BRIEF:
Take the data that follows and retype it word for word.

SUPPLIED MATERIAL:
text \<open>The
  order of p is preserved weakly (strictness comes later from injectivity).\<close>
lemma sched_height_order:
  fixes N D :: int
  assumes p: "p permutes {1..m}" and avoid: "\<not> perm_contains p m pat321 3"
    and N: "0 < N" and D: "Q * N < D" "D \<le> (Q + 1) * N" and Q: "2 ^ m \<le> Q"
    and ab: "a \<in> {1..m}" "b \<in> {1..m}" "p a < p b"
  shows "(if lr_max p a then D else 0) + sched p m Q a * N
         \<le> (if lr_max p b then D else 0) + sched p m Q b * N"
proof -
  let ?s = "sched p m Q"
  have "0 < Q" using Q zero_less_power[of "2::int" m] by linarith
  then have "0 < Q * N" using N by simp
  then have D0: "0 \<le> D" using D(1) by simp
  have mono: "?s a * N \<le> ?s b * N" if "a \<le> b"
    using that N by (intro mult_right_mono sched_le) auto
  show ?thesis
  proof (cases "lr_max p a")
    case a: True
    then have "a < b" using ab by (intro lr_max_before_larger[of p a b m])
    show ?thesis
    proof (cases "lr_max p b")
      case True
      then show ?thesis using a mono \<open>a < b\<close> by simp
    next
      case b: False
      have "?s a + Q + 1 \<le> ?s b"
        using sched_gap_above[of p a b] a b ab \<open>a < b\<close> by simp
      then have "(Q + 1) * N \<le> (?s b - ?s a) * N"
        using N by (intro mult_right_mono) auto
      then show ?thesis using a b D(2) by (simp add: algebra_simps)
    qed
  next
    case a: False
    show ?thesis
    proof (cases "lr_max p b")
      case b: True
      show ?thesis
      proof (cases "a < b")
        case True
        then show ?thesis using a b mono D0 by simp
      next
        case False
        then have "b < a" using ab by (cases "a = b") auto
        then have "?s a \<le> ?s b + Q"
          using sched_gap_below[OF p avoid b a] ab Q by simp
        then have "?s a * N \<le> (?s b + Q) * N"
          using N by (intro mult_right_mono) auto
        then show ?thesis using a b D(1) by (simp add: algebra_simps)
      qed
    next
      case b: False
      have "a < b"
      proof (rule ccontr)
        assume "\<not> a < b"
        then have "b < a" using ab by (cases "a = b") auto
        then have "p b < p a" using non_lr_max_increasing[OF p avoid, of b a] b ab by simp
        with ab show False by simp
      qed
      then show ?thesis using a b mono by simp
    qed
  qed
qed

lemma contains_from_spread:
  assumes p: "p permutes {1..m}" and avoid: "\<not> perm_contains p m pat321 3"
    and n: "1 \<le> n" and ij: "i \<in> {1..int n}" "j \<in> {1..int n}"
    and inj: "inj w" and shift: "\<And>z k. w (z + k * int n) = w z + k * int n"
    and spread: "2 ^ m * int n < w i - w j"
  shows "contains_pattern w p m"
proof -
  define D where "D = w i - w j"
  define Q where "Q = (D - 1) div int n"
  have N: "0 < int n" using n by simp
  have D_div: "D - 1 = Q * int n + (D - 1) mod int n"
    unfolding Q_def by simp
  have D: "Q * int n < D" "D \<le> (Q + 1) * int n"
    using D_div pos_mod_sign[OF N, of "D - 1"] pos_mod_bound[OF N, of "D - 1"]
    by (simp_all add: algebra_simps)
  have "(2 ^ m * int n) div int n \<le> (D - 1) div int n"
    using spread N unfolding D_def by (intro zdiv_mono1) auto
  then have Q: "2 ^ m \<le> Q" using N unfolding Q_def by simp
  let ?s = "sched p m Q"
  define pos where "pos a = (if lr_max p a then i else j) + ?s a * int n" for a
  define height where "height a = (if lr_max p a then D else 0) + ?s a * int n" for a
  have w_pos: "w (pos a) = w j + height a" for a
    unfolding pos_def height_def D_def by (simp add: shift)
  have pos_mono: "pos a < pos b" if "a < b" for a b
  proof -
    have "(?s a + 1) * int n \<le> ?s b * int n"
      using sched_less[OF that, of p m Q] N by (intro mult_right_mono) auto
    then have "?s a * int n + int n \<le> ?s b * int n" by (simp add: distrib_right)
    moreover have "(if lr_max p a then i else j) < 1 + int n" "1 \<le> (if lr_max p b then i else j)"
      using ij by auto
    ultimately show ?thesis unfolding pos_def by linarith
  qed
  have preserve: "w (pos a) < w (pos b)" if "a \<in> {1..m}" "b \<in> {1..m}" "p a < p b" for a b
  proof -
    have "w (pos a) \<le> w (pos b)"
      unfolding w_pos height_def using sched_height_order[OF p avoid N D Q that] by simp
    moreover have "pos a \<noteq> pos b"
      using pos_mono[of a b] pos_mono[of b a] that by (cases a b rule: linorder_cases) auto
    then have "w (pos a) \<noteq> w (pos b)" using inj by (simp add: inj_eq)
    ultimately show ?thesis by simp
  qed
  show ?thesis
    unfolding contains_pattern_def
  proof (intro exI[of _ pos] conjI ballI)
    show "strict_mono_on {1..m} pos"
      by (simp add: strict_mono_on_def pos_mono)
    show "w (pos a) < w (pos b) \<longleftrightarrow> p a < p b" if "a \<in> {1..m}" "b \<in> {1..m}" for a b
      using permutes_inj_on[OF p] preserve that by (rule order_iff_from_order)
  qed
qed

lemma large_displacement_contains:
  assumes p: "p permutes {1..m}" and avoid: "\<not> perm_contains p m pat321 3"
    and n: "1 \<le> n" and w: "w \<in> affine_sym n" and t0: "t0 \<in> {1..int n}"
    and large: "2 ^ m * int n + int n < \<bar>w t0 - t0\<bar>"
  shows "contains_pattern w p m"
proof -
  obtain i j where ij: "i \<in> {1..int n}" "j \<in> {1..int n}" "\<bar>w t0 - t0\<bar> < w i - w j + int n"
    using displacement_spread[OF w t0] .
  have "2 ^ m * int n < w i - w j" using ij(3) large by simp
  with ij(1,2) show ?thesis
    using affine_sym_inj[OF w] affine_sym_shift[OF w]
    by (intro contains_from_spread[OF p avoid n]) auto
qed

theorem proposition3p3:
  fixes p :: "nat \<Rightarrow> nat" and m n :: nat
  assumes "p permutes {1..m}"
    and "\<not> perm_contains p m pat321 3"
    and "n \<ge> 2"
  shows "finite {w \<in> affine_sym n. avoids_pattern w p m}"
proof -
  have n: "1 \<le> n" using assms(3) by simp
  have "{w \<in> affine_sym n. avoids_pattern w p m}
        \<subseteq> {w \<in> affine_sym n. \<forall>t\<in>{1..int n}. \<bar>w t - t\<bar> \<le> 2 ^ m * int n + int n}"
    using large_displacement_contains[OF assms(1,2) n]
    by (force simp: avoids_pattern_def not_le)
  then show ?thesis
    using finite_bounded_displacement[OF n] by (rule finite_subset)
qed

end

RESULT FOR THIS TASK:
text \<open>The
  order of p is preserved weakly (strictness comes later from injectivity).\<close>
lemma sched_height_order:
  fixes N D :: int
  assumes p: "p permutes {1..m}" and avoid: "\<not> perm_contains p m pat321 3"
    and N: "0 < N" and D: "Q * N < D" "D \<le> (Q + 1) * N" and Q: "2 ^ m \<le> Q"
    and ab: "a \<in> {1..m}" "b \<in> {1..m}" "p a < p b"
  shows "(if lr_max p a then D else 0) + sched p m Q a * N
         \<le> (if lr_max p b then D else 0) + sched p m Q b * N"
proof -
  let ?s = "sched p m Q"
  have "0 < Q" using Q zero_less_power[of "2::int" m] by linarith
  then have "0 < Q * N" using N by simp
  then have D0: "0 \<le> D" using D(1) by simp
  have mono: "?s a * N \<le> ?s b * N" if "a \<le> b"
    using that N by (intro mult_right_mono sched_le) auto
  show ?thesis
  proof (cases "lr_max p a")
    case a: True
    then have "a < b" using ab by (intro lr_max_before_larger[of p a b m])
    show ?thesis
    proof (cases "lr_max p b")
      case True
      then show ?thesis using a mono \<open>a < b\<close> by simp
    next
      case b: False
      have "?s a + Q + 1 \<le> ?s b"
        using sched_gap_above[of p a b] a b ab \<open>a < b\<close> by simp
      then have "(Q + 1) * N \<le> (?s b - ?s a) * N"
        using N by (intro mult_right_mono) auto
      then show ?thesis using a b D(2) by (simp add: algebra_simps)
    qed
  next
    case a: False
    show ?thesis
    proof (cases "lr_max p b")
      case b: True
      show ?thesis
      proof (cases "a < b")
        case True
        then show ?thesis using a b mono D0 by simp
      next
        case False
        then have "b < a" using ab by (cases "a = b") auto
        then have "?s a \<le> ?s b + Q"
          using sched_gap_below[OF p avoid b a] ab Q by simp
        then have "?s a * N \<le> (?s b + Q) * N"
          using N by (intro mult_right_mono) auto
        then show ?thesis using a b D(1) by (simp add: algebra_simps)
      qed
    next
      case b: False
      have "a < b"
      proof (rule ccontr)
        assume "\<not> a < b"
        then have "b < a" using ab by (cases "a = b") auto
        then have "p b < p a" using non_lr_max_increasing[OF p avoid, of b a] b ab by simp
        with ab show False by simp
      qed
      then show ?thesis using a b mono by simp
    qed
  qed
qed

lemma contains_from_spread:
  assumes p: "p permutes {1..m}" and avoid: "\<not> perm_contains p m pat321 3"
    and n: "1 \<le> n" and ij: "i \<in> {1..int n}" "j \<in> {1..int n}"
    and inj: "inj w" and shift: "\<And>z k. w (z + k * int n) = w z + k * int n"
    and spread: "2 ^ m * int n < w i - w j"
  shows "contains_pattern w p m"
proof -
  define D where "D = w i - w j"
  define Q where "Q = (D - 1) div int n"
  have N: "0 < int n" using n by simp
  have D_div: "D - 1 = Q * int n + (D - 1) mod int n"
    unfolding Q_def by simp
  have D: "Q * int n < D" "D \<le> (Q + 1) * int n"
    using D_div pos_mod_sign[OF N, of "D - 1"] pos_mod_bound[OF N, of "D - 1"]
    by (simp_all add: algebra_simps)
  have "(2 ^ m * int n) div int n \<le> (D - 1) div int n"
    using spread N unfolding D_def by (intro zdiv_mono1) auto
  then have Q: "2 ^ m \<le> Q" using N unfolding Q_def by simp
  let ?s = "sched p m Q"
  define pos where "pos a = (if lr_max p a then i else j) + ?s a * int n" for a
  define height where "height a = (if lr_max p a then D else 0) + ?s a * int n" for a
  have w_pos: "w (pos a) = w j + height a" for a
    unfolding pos_def height_def D_def by (simp add: shift)
  have pos_mono: "pos a < pos b" if "a < b" for a b
  proof -
    have "(?s a + 1) * int n \<le> ?s b * int n"
      using sched_less[OF that, of p m Q] N by (intro mult_right_mono) auto
    then have "?s a * int n + int n \<le> ?s b * int n" by (simp add: distrib_right)
    moreover have "(if lr_max p a then i else j) < 1 + int n" "1 \<le> (if lr_max p b then i else j)"
      using ij by auto
    ultimately show ?thesis unfolding pos_def by linarith
  qed
  have preserve: "w (pos a) < w (pos b)" if "a \<in> {1..m}" "b \<in> {1..m}" "p a < p b" for a b
  proof -
    have "w (pos a) \<le> w (pos b)"
      unfolding w_pos height_def using sched_height_order[OF p avoid N D Q that] by simp
    moreover have "pos a \<noteq> pos b"
      using pos_mono[of a b] pos_mono[of b a] that by (cases a b rule: linorder_cases) auto
    then have "w (pos a) \<noteq> w (pos b)" using inj by (simp add: inj_eq)
    ultimately show ?thesis by simp
  qed
  show ?thesis
    unfolding contains_pattern_def
  proof (intro exI[of _ pos] conjI ballI)
    show "strict_mono_on {1..m} pos"
      by (simp add: strict_mono_on_def pos_mono)
    show "w (pos a) < w (pos b) \<longleftrightarrow> p a < p b" if "a \<in> {1..m}" "b \<in> {1..m}" for a b
      using permutes_inj_on[OF p] preserve that by (rule order_iff_from_order)
  qed
qed

lemma large_displacement_contains:
  assumes p: "p permutes {1..m}" and avoid: "\<not> perm_contains p m pat321 3"
    and n: "1 \<le> n" and w: "w \<in> affine_sym n" and t0: "t0 \<in> {1..int n}"
    and large: "2 ^ m * int n + int n < \<bar>w t0 - t0\<bar>"
  shows "contains_pattern w p m"
proof -
  obtain i j where ij: "i \<in> {1..int n}" "j \<in> {1..int n}" "\<bar>w t0 - t0\<bar> < w i - w j + int n"
    using displacement_spread[OF w t0] .
  have "2 ^ m * int n < w i - w j" using ij(3) large by simp
  with ij(1,2) show ?thesis
    using affine_sym_inj[OF w] affine_sym_shift[OF w]
    by (intro contains_from_spread[OF p avoid n]) auto
qed

theorem proposition3p3:
  fixes p :: "nat \<Rightarrow> nat" and m n :: nat
  assumes "p permutes {1..m}"
    and "\<not> perm_contains p m pat321 3"
    and "n \<ge> 2"
  shows "finite {w \<in> affine_sym n. avoids_pattern w p m}"
proof -
  have n: "1 \<le> n" using assms(3) by simp
  have "{w \<in> affine_sym n. avoids_pattern w p m}
        \<subseteq> {w \<in> affine_sym n. \<forall>t\<in>{1..int n}. \<bar>w t - t\<bar> \<le> 2 ^ m * int n + int n}"
    using large_displacement_contains[OF assms(1,2) n]
    by (force simp: avoids_pattern_def not_le)
  then show ?thesis
    using finite_bounded_displacement[OF n] by (rule finite_subset)
qed

end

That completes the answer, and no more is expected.